I haven't laughed this hard in a long time. Thanks.


----------



## Knoxienne (Mar 13, 2009)

SolaScriptura said:


> This evening we did our family devotions as usual. About 15 seconds after we finished, my 8-year old son says to me, "Dad, I was thinking. If I was walking in the woods and a polar bear attacked me, we could just kill it by blasting it with the cannon from a tank."
> 
> My response, "You didn't pay attention during devotions at all, did you?"
> 
> ...



What a sweet boy! He sounds like a delight.


----------



## kalawine (Mar 13, 2009)

SolaScriptura said:


> This evening we did our family devotions as usual. About 15 seconds after we finished, my 8-year old son says to me, "Dad, I was thinking. If I was walking in the woods and a polar bear attacked me, we could just kill it by blasting it with the cannon from a tank."
> 
> My response, "You didn't pay attention during devotions at all, did you?"
> 
> ...



What pure, unadulterated honesty!


----------



## nicnap (Mar 13, 2009)

Athaleyah said:


> Considering the frequency and severity of polar bear attacks in North Carolina, this is indeed a pressing matter.
> 
> This reminds me a little of some of the children's prayer requests at the end of the Catechism Club. There are a couple of boys that come up with the wierdest stuff. Most prayer requests are like "Pray for my daddy to have a safe trip home from his business trip." and "My grandma is sick." Then out of nowhere we get, "Please pray that no terrorists blow up any trains this week."

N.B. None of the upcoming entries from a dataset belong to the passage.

text \<open>Since \<open>W\<close> and \<open>S\<^sup>n\<close> are independent and
  \<open>X1\<^sup>n\<close> is a function of \<open>W\<close>,
  \<open>log Mc M1 = H(W) \<le> H(W|Y\<^sup>n) + H(Y\<^sup>n) + H(S\<^sup>n|X1\<^sup>n,Y\<^sup>n) - H(Y\<^sup>n|W,S\<^sup>n) - H(S\<^sup>n)\<close>;
  subadditivity, \<open>H(S\<^sup>n) = \<Sum>\<^sub>i H(S\<^sub>i)\<close> and memorylessness make every term a sum over letters.\<close>

lemma sum_rate_bound:
  "log 2 Mc + log 2 M1 \<le> (H code_pmf (\<lambda>\<omega>. (fst (fst \<omega>), snd \<omega>)) - H code_pmf snd) + (\<Sum>i<n. info_sum (letter_pmf i))"
proof -
  let ?W = "\<lambda>\<omega>::((nat \<times> nat) \<times> 's list) \<times> 'y list. fst (fst \<omega>)"
  let ?S = "\<lambda>\<omega>::((nat \<times> nat) \<times> 's list) \<times> 'y list. snd (fst \<omega>)"
  let ?Y = "\<lambda>\<omega>::((nat \<times> nat) \<times> 's list) \<times> 'y list. snd \<omega>"
  let ?X1L = "\<lambda>\<omega>::((nat \<times> nat) \<times> 's list) \<times> 'y list. map (\<lambda>i. phi1 (fst (fst (fst \<omega>))) (snd (fst (fst \<omega>))) ! i) [0..<n]"
  let ?A = "\<lambda>i (\<omega>::((nat \<times> nat) \<times> 's list) \<times> 'y list). snd (fst \<omega>) ! i"
  let ?B = "\<lambda>i (\<omega>::((nat \<times> nat) \<times> 's list) \<times> 'y list). (phi1 (fst (fst (fst \<omega>))) (snd (fst (fst \<omega>))) ! i, snd \<omega> ! i)"
  let ?Yi = "\<lambda>i (\<omega>::((nat \<times> nat) \<times> 's list) \<times> 'y list). snd \<omega> ! i"
  note fin = finite_code_pmf
  have log_M: "H code_pmf ?W = log 2 Mc + log 2 M1" by (rule H_code_pmf_msg)
  have msg_state_indep: "H code_pmf fst = H code_pmf ?W + H code_pmf ?S" using H_code_pmf_fst ent_msg_state_pmf H_code_pmf_msg H_code_pmf_state by simp
  have equivocation: "H code_pmf (\<lambda>\<omega>. (?S \<omega>, ?W \<omega>, (?X1L \<omega>, ?Y \<omega>))) + H code_pmf (\<lambda>\<omega>. (?X1L \<omega>, ?Y \<omega>))
      \<le> H code_pmf (\<lambda>\<omega>. (?S \<omega>, (?X1L \<omega>, ?Y \<omega>))) + H code_pmf (\<lambda>\<omega>. (?W \<omega>, (?X1L \<omega>, ?Y \<omega>)))"
    by (rule H_submodular[OF fin])
  have equivocation_eq: "H code_pmf (\<lambda>\<omega>. (?S \<omega>, ?W \<omega>, (?X1L \<omega>, ?Y \<omega>))) = H code_pmf (\<lambda>\<omega>. \<omega>)"
    by (rule H_bijection[OF fin, where h="\<lambda>((w,s),y). (s,w,(map (\<lambda>i. phi1 (fst w) (snd w) ! i) [0..<n], y))"
          and g="\<lambda>(s,w,(xl,y)). ((w,s),y)"]) auto
  have drop_X1: "H code_pmf (\<lambda>\<omega>. (?W \<omega>, (?X1L \<omega>, ?Y \<omega>))) = H code_pmf (\<lambda>\<omega>. (?W \<omega>, ?Y \<omega>))"
    by (rule H_bijection[OF fin, where h="\<lambda>(w,y). (w,(map (\<lambda>i. phi1 (fst w) (snd w) ! i) [0..<n], y))"
          and g="\<lambda>(w,(xl,y)). (w,y)"]) auto
  have state_chain: "H code_pmf (\<lambda>\<omega>. (map (\<lambda>i. ?A i \<omega>) [0..<n], map (\<lambda>i. ?B i \<omega>) [0..<n])) - H code_pmf (\<lambda>\<omega>. map (\<lambda>i. ?B i \<omega>) [0..<n])
      \<le> (\<Sum>i<n. H code_pmf (\<lambda>\<omega>. (?A i \<omega>, ?B i \<omega>)) - H code_pmf (?B i))"
    by (rule H_cond_list_le[OF fin])
  have state_chain_lhs: "H code_pmf (\<lambda>\<omega>. (map (\<lambda>i. ?A i \<omega>) [0..<n], map (\<lambda>i. ?B i \<omega>) [0..<n]))
      = H code_pmf (\<lambda>\<omega>. (?S \<omega>, (?X1L \<omega>, ?Y \<omega>)))"
    by (rule H_bijection[OF fin, where h="\<lambda>(s,(xl,y)). (s, zip xl y)" and g="\<lambda>(s,l). (s, (map fst l, map snd l))"])
       (auto dest: set_code_pmf simp: map_nth_len zip_map_upt2 map_fst_nth map_snd_nth)
  have state_chain_rhs: "H code_pmf (\<lambda>\<omega>. map (\<lambda>i. ?B i \<omega>) [0..<n]) = H code_pmf (\<lambda>\<omega>. (?X1L \<omega>, ?Y \<omega>))"
    by (rule H_bijection[OF fin, where h="\<lambda>(xl,y). zip xl y" and g="\<lambda>l. (map fst l, map snd l)"])
       (auto dest: set_code_pmf simp: map_nth_len zip_map_upt2 map_fst_nth map_snd_nth)
  have out_subadd: "H code_pmf (\<lambda>\<omega>. (map (\<lambda>i. ?Yi i \<omega>) [0..<n], map (\<lambda>i. ()) [0..<n])) - H code_pmf (\<lambda>\<omega>. map (\<lambda>i. ()) [0..<n])
      \<le> (\<Sum>i<n. H code_pmf (\<lambda>\<omega>. (?Yi i \<omega>, ())) - H code_pmf (\<lambda>\<omega>. ()))"
    by (rule H_cond_list_le[OF fin])
  have out_subadd_eq: "H code_pmf (\<lambda>\<omega>. (map (\<lambda>i. ?Yi i \<omega>) [0..<n], map (\<lambda>i. ()) [0..<n])) = H code_pmf ?Y"
    by (rule H_bijection[OF fin, where h="\<lambda>y. (y, map (\<lambda>i. ()) [0..<n])" and g="fst"])
       (auto dest: set_code_pmf simp: map_nth_len)
  have state_letters: "H code_pmf ?S = (\<Sum>i<n. H (letter_pmf i) (\<lambda>v. fst (fst v)))"
    using H_code_pmf_state H_letter_state by simp
  have memoryless: "H code_pmf (\<lambda>v. v) - H code_pmf fst = (\<Sum>i<n. H (letter_pmf i) (\<lambda>v. v) - H (letter_pmf i) fst)" by (rule H_cond_out_letters)
  have letters: "(\<Sum>i<n. H code_pmf (\<lambda>\<omega>. (?Yi i \<omega>, ())) - H code_pmf (\<lambda>\<omega>. ())) - (\<Sum>i<n. H (letter_pmf i) (\<lambda>v. fst (fst v)))
     + (\<Sum>i<n. H code_pmf (\<lambda>\<omega>. (?A i \<omega>, ?B i \<omega>)) - H code_pmf (?B i)) - (\<Sum>i<n. H (letter_pmf i) (\<lambda>v. v) - H (letter_pmf i) fst) = (\<Sum>i<n. info_sum (letter_pmf i))"
    unfolding sum_subtractf[symmetric] sum.distrib[symmetric]
    by (intro sum.cong refl) (simp add: info_sum_def H_letter letter_input_def x1_def H_const)
  show ?thesis using log_M msg_state_indep equivocation equivocation_eq drop_X1 state_chain state_chain_lhs state_chain_rhs out_subadd out_subadd_eq state_letters memoryless letters
    by (simp add: H_const)
qed

text \<open>Fano's inequality for the decoder \<open>psi\<close>: guessing the error indicator costs at
  most one bit, and on an error the message is one of \<open>Mc M1\<close> values.\<close>

definition "Pe = measure_pmf.prob code_pmf {\<omega>. psi (snd \<omega>) \<noteq> fst (fst \<omega>)}"

lemma fano_bound: "H code_pmf (\<lambda>\<omega>. (fst (fst \<omega>), snd \<omega>)) - H code_pmf snd \<le> 1 + Pe * log 2 (Mc * M1)"
proof -
  note fin = finite_code_pmf
  define K :: nat where "K = Mc * M1"
  have K: "K \<ge> 1" using Mc M1 by (simp add: K_def)
  define V where "V = (\<lambda>\<omega>::((nat \<times> nat) \<times> 's list) \<times> 'y list. if psi (snd \<omega>) \<noteq> fst (fst \<omega>) then Some (fst (fst \<omega>)) else None)"
  define r :: "(nat \<times> nat) option \<Rightarrow> real" where "r = (\<lambda>v. case v of None \<Rightarrow> 1/2 | Some w \<Rightarrow> 1 / (2 * K))"
  have h1: "H code_pmf (\<lambda>\<omega>. (fst (fst \<omega>), snd \<omega>)) \<le> H code_pmf (\<lambda>\<omega>. (V \<omega>, snd \<omega>))"
    by (rule H_function_le[OF fin, where h="\<lambda>(v,y). (case v of None \<Rightarrow> psi y | Some w \<Rightarrow> w, y)"]) (auto simp: V_def)
  have h2: "H code_pmf (\<lambda>\<omega>. (V \<omega>, snd \<omega>)) \<le> H code_pmf V + H code_pmf snd" by (rule H_subadditive[OF fin])
  let ?Sup = "insert None (Some ` ({1..Mc} \<times> {1..M1}))"
  have supV: "set_pmf (map_pmf V code_pmf) \<subseteq> ?Sup" using set_code_pmf(1) by (auto simp: V_def)
  have h3: "H code_pmf V \<le> measure_pmf.expectation (map_pmf V code_pmf) (\<lambda>v. - log 2 (r v))"
    unfolding H_def
  proof (rule gibbs_inequality)
    show "finite (set_pmf (map_pmf V code_pmf))" using fin by simp
    show "r v > 0" for v using K by (auto simp: r_def split: option.splits)
    have "(\<Sum>v\<in>set_pmf (map_pmf V code_pmf). r v) \<le> (\<Sum>v\<in>?Sup. r v)"
      by (rule sum_mono2) (use supV K in \<open>auto simp: r_def split: option.splits\<close>)
    also have "\<dots> = 1/2 + (\<Sum>v\<in>Some ` ({1..Mc} \<times> {1..M1}). r v)" by (subst sum.insert) (auto simp: r_def)
    also have "\<dots> = 1/2 + real (Mc * M1) * (1 / (2 * K))"
      by (subst sum.reindex) (auto simp: r_def)
    also have "\<dots> = 1" using K by (simp add: K_def)
    finally show "(\<Sum>v\<in>set_pmf (map_pmf V code_pmf). r v) \<le> 1" .
  qed
  also have "\<dots> = measure_pmf.expectation code_pmf (\<lambda>\<omega>. 1 + log 2 K * indicator {\<omega>. psi (snd \<omega>) \<noteq> fst (fst \<omega>)} \<omega>)"
    unfolding integral_map_pmf
    by (rule expectation_cong) (use K in \<open>auto simp: V_def r_def log_divide log_mult\<close>)
  also have "\<dots> = 1 + log 2 K * Pe"
    by (subst expectation_add[OF fin]) (simp add: Pe_def)
  finally show ?thesis using h1 h2 by (simp add: K_def mult.commute)
qed

lemma err_prob_eq_Pe: "err_prob Q W n Mc M1 phi1 phi2 psi = Pe"
proof -
  let ?Sup = "(({1..Mc} \<times> {1..M1}) \<times> (seqs n :: 's list set)) \<times> (seqs n :: 'y list set)"
  define F where "F = (\<lambda>\<omega>::((nat \<times> nat) \<times> 's list) \<times> 'y list. 1 / (real Mc * real M1) *
     (if psi (snd \<omega>) \<noteq> fst (fst \<omega>) then state_n Q (snd (fst \<omega>)) * chan_n W (phi1 (fst (fst (fst \<omega>))) (snd (fst (fst \<omega>))))
        (phi2 (snd (fst \<omega>)) (fst (fst (fst \<omega>)))) (snd (fst \<omega>)) (snd \<omega>) else 0))"
  have f1: "finite (seqs n :: 's list set)" by (rule finite_seqs)
  have f2: "finite (seqs n :: 'y list set)" by (rule finite_seqs)
  have finS: "finite ?Sup" using f1 f2 by simp
  have "Pe = measure_pmf.expectation code_pmf (indicator {\<omega>. psi (snd \<omega>) \<noteq> fst (fst \<omega>)})"
    by (simp add: Pe_def)
  also have "\<dots> = (\<Sum>\<omega>\<in>?Sup. indicator {\<omega>. psi (snd \<omega>) \<noteq> fst (fst \<omega>)} \<omega> * pmf code_pmf \<omega>)"
  proof (rule integral_measure_pmf_real[OF finS])
    fix \<omega> assume "\<omega> \<in> set_pmf code_pmf"
    then show "\<omega> \<in> ?Sup" using set_code_pmf[of \<omega>] by (cases \<omega>) (auto simp: seqs_def)
  qed
  also have "\<dots> = (\<Sum>\<omega>\<in>?Sup. F \<omega>)"
  proof (rule sum.cong[OF refl])
    fix \<omega> assume o: "\<omega> \<in> ?Sup"
    obtain wc w1 s y where od: "\<omega> = (((wc, w1), s), y)" by (metis prod.collapse)
    have ls: "length s = n" and ly: "length y = n" and wc: "wc \<in> {1..Mc}" and w1: "w1 \<in> {1..M1}"
      using o by (auto simp: od seqs_def)
    have "pmf code_pmf \<omega> = pmf msg_state_pmf ((wc, w1), s) * pmf (out_pmf ((wc, w1), s)) y"
      unfolding code_pmf_def od by (rule pmf_bind_pair)
    also have "\<dots> = 1 / (real Mc * real M1) * state_n Q s * chan_n W (phi1 wc w1) (phi2 s wc) s y"
      using ls ly wc w1 msg_sets_nonempty
      by (simp add: msg_state_pmf_def msg_pmf_def pmf_pair state_pmf_def pmf_indep_pmf out_pmf_def state_n_def chan_n_def letter_input_def x1_def x2_def chan_kernel_def)
    finally show "indicator {\<omega>. psi (snd \<omega>) \<noteq> fst (fst \<omega>)} \<omega> * pmf code_pmf \<omega> = F \<omega>"
      by (simp add: F_def od)
  qed
  also have "\<dots> = err_prob Q W n Mc M1 phi1 phi2 psi"
    unfolding err_prob_def F_def sum4 fst_conv snd_conv by (simp add: sum_distrib_left)
  finally show ?thesis by simp
qed

text \<open>Marginals of a letter: the state letter has law \<open>Q\<close> and is independent of the
  uninformed encoder's letter \<open>X1\<^sub>i\<close>, which depends on the messages only.\<close>

lemma letter_state_marginal: "i < n \<Longrightarrow> map_pmf (\<lambda>v. fst (fst v)) (letter_pmf i) = Q"
proof -
  assume i: "i < n"
  have "map_pmf (\<lambda>v. fst (fst v)) (letter_pmf i) = map_pmf (\<lambda>t. fst t) (map_pmf (letter_input i) msg_state_pmf)"
    unfolding letter_pmf_def by (simp add: map_bind_pmf map_pmf_comp map_pmf_def[symmetric])
  also have "\<dots> = map_pmf (\<lambda>s. s ! i) (map_pmf snd msg_state_pmf)" by (simp add: map_pmf_comp letter_input_def)
  also have "\<dots> = Q" unfolding msg_state_pmf_def map_snd_pair_pmf state_pmf_def using i by (simp add: nth_indep_pmf)
  finally show ?thesis .
qed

By the way, Ben, your son is too cute.


----------



## PresbyDane (Mar 13, 2009)




----------



## Timothy William (Mar 13, 2009)

Athaleyah said:


> Considering the frequency and severity of polar bear attacks in North Carolina, this is indeed a pressing matter.



I have it on good authority that all polar bear attacks in North Carolina are very severe indeed. 



Poimen said:


> > my mind kept tempting me to think
> 
> 
> 
> I will be using that one in the future.



My mind keeps tempting me to fall asleep; still, each to their own.


----------



## lynnie (Mar 13, 2009)

He must watch "Lost."


----------



## Sven (Mar 13, 2009)




----------